If (this) Holy Week 2020 will begin the deadliest season (to date) of this pandemic, then America will experience a devastating loss of Black lives.  Now more than ever we must be reminded that Black Lives Matter.

We must also acknowledge that government and religious leaders have requested and strongly encouraged the nation to “shelter in place” and remain at home.  However, that becomes a very privileged request when many people do not have the same levels of resources to do so.  For instance, imposing curfews, demanding lockdowns, or even expecting people to stay at home without canceling rent, helping to secure adequate food and all other related bills is an unjust request.   With the impending rise in unemployment, this pandemic has created a greater wealth divide in access to basic income and adequate housing for all.

The CARES Act and stimulus package(s) will assist some people in this season, but it will not greatly protect the most vulnerable who are at higher risks related to this pandemic.

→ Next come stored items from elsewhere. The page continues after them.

(* Let $(P_t)_{t\ge0}$ be a measurable Markovian transition function on a Polish space $E$ with Borel $\sigma$-algebra $\mathcal{B}$, with resolvent $R_\alpha f=\int_0^\infty e^{-\alpha t}P_tf\,dt$. Assume $(P_t)_{t>0}$ is strong Feller (each $P_t$, $t>0$, maps bounded Borel functions to continuous functions), and that there exist a probability measure $\mu$ and a sequence $t_n\nearrow\infty$ such that the family of probability measures $\mu_n(A):=\frac1{t_n}\int_0^{t_n}\mu(P_s1_A)\,ds$, $A\in\mathcal{B}$, is tight. Then for every $\alpha>0$, with $m:=\mu\circ R_\alpha$ (i.e. $m(f)=\int R_\alpha f\,d\mu$), there exists a subsequence $(t_{n_k})_k$ such that $c((P_t)_{t>0},m,(t_{n_k})_k)=0$.
   Context: For a finite measure $m$ and $s_k\nearrow\infty$, $c((P_t)_t,m,(s_k)_k):=\lim_{\varepsilon\searrow0}\sup_{A\in\mathcal{B},\,m(A)\le\varepsilon}\sup_k\frac1{s_k}\int_0^{s_k}m(P_s1_A)\,ds$. A measurable Markovian transition function is a family of Markovian kernels with $P_tP_s=P_{t+s}$ and $(t,x)\mapsto P_tf(x)$ jointly measurable. *)

theory Defs
  imports "HOL-Probability.Probability"
begin

definition Pf :: "(real \<Rightarrow> 'a \<Rightarrow> 'a::topological_space measure) \<Rightarrow> real \<Rightarrow> ('a \<Rightarrow> real) \<Rightarrow> 'a \<Rightarrow> real" where
  "Pf P t f x = (\<integral>y. f y \<partial>(P t x))"

definition measurable_markov_tf :: "(real \<Rightarrow> 'a \<Rightarrow> 'a::topological_space measure) \<Rightarrow> bool" where
  "measurable_markov_tf P \<longleftrightarrow>
     (\<forall>t\<ge>0. \<forall>x. prob_space (P t x) \<and> sets (P t x) = sets borel) \<and>
     (\<forall>t\<ge>0. P t \<in> borel \<rightarrow>\<^sub>M subprob_algebra borel) \<and>
     (\<forall>s\<ge>0. \<forall>t\<ge>0. \<forall>x. \<forall>A\<in>sets borel.
         measure (P (t + s) x) A = (\<integral>y. measure (P s y) A \<partial>(P t x))) \<and>
     (\<forall>f::'a \<Rightarrow> real. f \<in> borel_measurable borel \<longrightarrow> bounded (range f) \<longrightarrow>
         (\<lambda>(t, x). Pf P t f x) \<in> borel_measurable (restrict_space borel {0..} \<Otimes>\<^sub>M borel))"
(* Let $\alpha=m+n\gamma^{-1}\in\mathbb{Z}[\gamma]$ with $m,n\in\mathbb{Z}$ and $\alpha>0$, and let $\mathbf i=(i_1,\dots,i_s)$ be a representation of $\alpha$. Then $d(\mathbf i)\ge|m|+|n|$, $d_1(\mathbf i)\ge|m|$ and $d_2(\mathbf i)\ge|n|$. If $i_s\le1$ or if $i_1,\dots,i_s$ all have the same parity, then $d(\mathbf i)=|m|+|n|$ and $(d_1(\mathbf i),d_2(\mathbf i))=(|m|,|n|)$; otherwise $d(\mathbf i)>|m|+|n|$ and $(d_1(\mathbf i),d_2(\mathbf i))\neq(|m|,|n|)$. Moreover, $d_2(\mathbf i)>|n|$ whenever $i_1,\dots,i_s$ contains two positive integers of different parity.
   Context: Let $f\colon\mathbb{Z}\to\mathbb{Z}$ be defined by $f(0)=f(1)=1$, $f(i+2)=f(i+1)+f(i)$ for all $i\in\mathbb{Z}$; $\gamma=(1+\sqrt5)/2$; $\mathbb{Z}[\gamma]=\mathbb{Z}\oplus\mathbb{Z}\gamma^{-1}$. A representation of $\alpha\in\mathbb{Z}[\gamma]$ is a finite non-decreasing sequence $\mathbf i=(i_1,\dots,i_s)$ of non-negative integers ($s\ge0$) with $\alpha=\gamma^{-i_1}+\dots+\gamma^{-i_s}$ (empty sum $=0$). For such $\mathbf i$: $d(\mathbf i)=\sum_k f(i_k)$, $d_1(\mathbf i)=\sum_k f(i_k-2)$, $d_2(\mathbf i)=\sum_kf(i_k-1)$. *)

theory Defs
  imports Complex_Main
begin

fun Fb :: "nat \<Rightarrow> int" where
  "Fb 0 = 0"
| "Fb (Suc 0) = 1"
| "Fb (Suc (Suc n)) = Fb (Suc n) + Fb n"

(* f : Z -> Z with f 0 = f 1 = 1 and f (i+2) = f (i+1) + f i for all integers i,
   i.e. f i = Fib (i+1), extended to negative indices by Fib(-k) = (-1)^(k+1) Fib k. *)
definition f :: "int \<Rightarrow> int" where
  "f i = (if i \<ge> 0 then Fb (nat i + 1) else (-1) ^ nat (-i) * Fb (nat (-i) - 1))"

lemma f_0: "f 0 = 1" and f_1: "f 1 = 1"
  by (simp_all add: f_def)

lemma Fb_rec: "Fb (Suc (Suc k)) = Fb (Suc k) + Fb k" by simp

Holy Week 2020 should bring us all into a greater understanding of the realities of death and access to life in our nation and world.  We as people of faith easily grasp the understanding that Jesus died for all of our sins and brings us to eternal redemption.  He did it so that we might have life and that life more abundantly (John 10:10).  We are reminded, that God so loved the world and (God) gave us Jesus so that we wouldn’t perish but have access to eternal life. In the same way we celebrate access to a better life with Jesus, we must claim access to healthcare as a human right that provides a better life for all.  This COVID-19 pandemic is uncovering major disparities in access to health care. With the rising death tolls, we need high quality public health care that is guaranteed to all and not just as a private marketplace.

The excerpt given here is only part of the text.